-- Task prompt --
A faithful transcription of the entries below is required.

-- Information provided --

(* Square matrices of order n are represented as functions nat => nat => int,
   only the entries with indices i, j < n being relevant. *)

definition min_open_nbhd :: "'a topology \<Rightarrow> 'a \<Rightarrow> 'a set" where
  "min_open_nbhd X x = \<Inter>{U. openin X U \<and> x \<in> U}"

definition spec_le :: "'a topology \<Rightarrow> 'a \<Rightarrow> 'a \<Rightarrow> bool" where
  "spec_le X x y \<longleftrightarrow> min_open_nbhd X x \<subseteq> min_open_nbhd X y"

definition space_matrix :: "'a topology \<Rightarrow> (nat \<Rightarrow> 'a) \<Rightarrow> nat \<Rightarrow> nat \<Rightarrow> int" where
  "space_matrix X lab i j = (if spec_le X (lab i) (lab j) then 0 else 1)"

definition finite_T0_space :: "'a topology \<Rightarrow> bool" where
  "finite_T0_space X \<longleftrightarrow> finite (topspace X) \<and> topspace X \<noteq> {} \<and> t0_space X"

definition labelling :: "'a topology \<Rightarrow> (nat \<Rightarrow> 'a) \<Rightarrow> bool" where
  "labelling X lab \<longleftrightarrow> bij_betw lab {..<card (topspace X)} (topspace X)"

definition Mprime :: "(nat \<times> (nat \<Rightarrow> nat \<Rightarrow> int)) set" where
  "Mprime = {(n, A). n \<ge> 1
      \<and> (\<forall>i<n. \<forall>j<n. A i j \<in> {0, 1})
      \<and> (\<forall>i<n. A i i = 0)
      \<and> (\<forall>i<n. \<forall>j<n. i \<noteq> j \<longrightarrow> A i j = 0 \<longrightarrow> A j i = 1)
      \<and> (\<forall>i<n. \<forall>j<n. \<forall>k<n. A i j = 0 \<longrightarrow> A j k = 0 \<longrightarrow> A i k = 0)}"

definition mat_mult :: "nat \<Rightarrow> (nat \<Rightarrow> nat \<Rightarrow> int) \<Rightarrow> (nat \<Rightarrow> nat \<Rightarrow> int) \<Rightarrow> nat \<Rightarrow> nat \<Rightarrow> int" where
  "mat_mult n A B i j = (\<Sum>k<n. A i k * B k j)"

definition mat_eq :: "nat \<Rightarrow> (nat \<Rightarrow> nat \<Rightarrow> int) \<Rightarrow> (nat \<Rightarrow> nat \<Rightarrow> int) \<Rightarrow> bool" where
  "mat_eq n A B \<longleftrightarrow> (\<forall>i<n. \<forall>j<n. A i j = B i j)"

definition id_mat :: "nat \<Rightarrow> nat \<Rightarrow> int" where
  "id_mat i j = (if i = j then 1 else 0)"

definition perm_matrix :: "nat \<Rightarrow> (nat \<Rightarrow> nat \<Rightarrow> int) \<Rightarrow> bool" where
  "perm_matrix n E \<longleftrightarrow> (\<forall>i<n. \<forall>j<n. E i j \<in> {0, 1})
      \<and> (\<forall>i<n. \<exists>!j. j < n \<and> E i j = 1)
      \<and> (\<forall>j<n. \<exists>!i. i < n \<and> E i j = 1)"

-- Result of the task --
(* Square matrices of order n are represented as functions nat => nat => int,
   only the entries with indices i, j < n being relevant. *)

definition min_open_nbhd :: "'a topology \<Rightarrow> 'a \<Rightarrow> 'a set" where
  "min_open_nbhd X x = \<Inter>{U. openin X U \<and> x \<in> U}"

definition spec_le :: "'a topology \<Rightarrow> 'a \<Rightarrow> 'a \<Rightarrow> bool" where
  "spec_le X x y \<longleftrightarrow> min_open_nbhd X x \<subseteq> min_open_nbhd X y"

definition space_matrix :: "'a topology \<Rightarrow> (nat \<Rightarrow> 'a) \<Rightarrow> nat \<Rightarrow> nat \<Rightarrow> int" where
  "space_matrix X lab i j = (if spec_le X (lab i) (lab j) then 0 else 1)"

definition finite_T0_space :: "'a topology \<Rightarrow> bool" where
  "finite_T0_space X \<longleftrightarrow> finite (topspace X) \<and> topspace X \<noteq> {} \<and> t0_space X"

definition labelling :: "'a topology \<Rightarrow> (nat \<Rightarrow> 'a) \<Rightarrow> bool" where
  "labelling X lab \<longleftrightarrow> bij_betw lab {..<card (topspace X)} (topspace X)"

definition Mprime :: "(nat \<times> (nat \<Rightarrow> nat \<Rightarrow> int)) set" where
  "Mprime = {(n, A). n \<ge> 1
      \<and> (\<forall>i<n. \<forall>j<n. A i j \<in> {0, 1})
      \<and> (\<forall>i<n. A i i = 0)
      \<and> (\<forall>i<n. \<forall>j<n. i \<noteq> j \<longrightarrow> A i j = 0 \<longrightarrow> A j i = 1)
      \<and> (\<forall>i<n. \<forall>j<n. \<forall>k<n. A i j = 0 \<longrightarrow> A j k = 0 \<longrightarrow> A i k = 0)}"

definition mat_mult :: "nat \<Rightarrow> (nat \<Rightarrow> nat \<Rightarrow> int) \<Rightarrow> (nat \<Rightarrow> nat \<Rightarrow> int) \<Rightarrow> nat \<Rightarrow> nat \<Rightarrow> int" where
  "mat_mult n A B i j = (\<Sum>k<n. A i k * B k j)"

definition mat_eq :: "nat \<Rightarrow> (nat \<Rightarrow> nat \<Rightarrow> int) \<Rightarrow> (nat \<Rightarrow> nat \<Rightarrow> int) \<Rightarrow> bool" where
  "mat_eq n A B \<longleftrightarrow> (\<forall>i<n. \<forall>j<n. A i j = B i j)"

definition id_mat :: "nat \<Rightarrow> nat \<Rightarrow> int" where
  "id_mat i j = (if i = j then 1 else 0)"

definition perm_matrix :: "nat \<Rightarrow> (nat \<Rightarrow> nat \<Rightarrow> int) \<Rightarrow> bool" where
  "perm_matrix n E \<longleftrightarrow> (\<forall>i<n. \<forall>j<n. E i j \<in> {0, 1})
      \<and> (\<forall>i<n. \<exists>!j. j < n \<and> E i j = 1)
      \<and> (\<forall>j<n. \<exists>!i. i < n \<and> E i j = 1)"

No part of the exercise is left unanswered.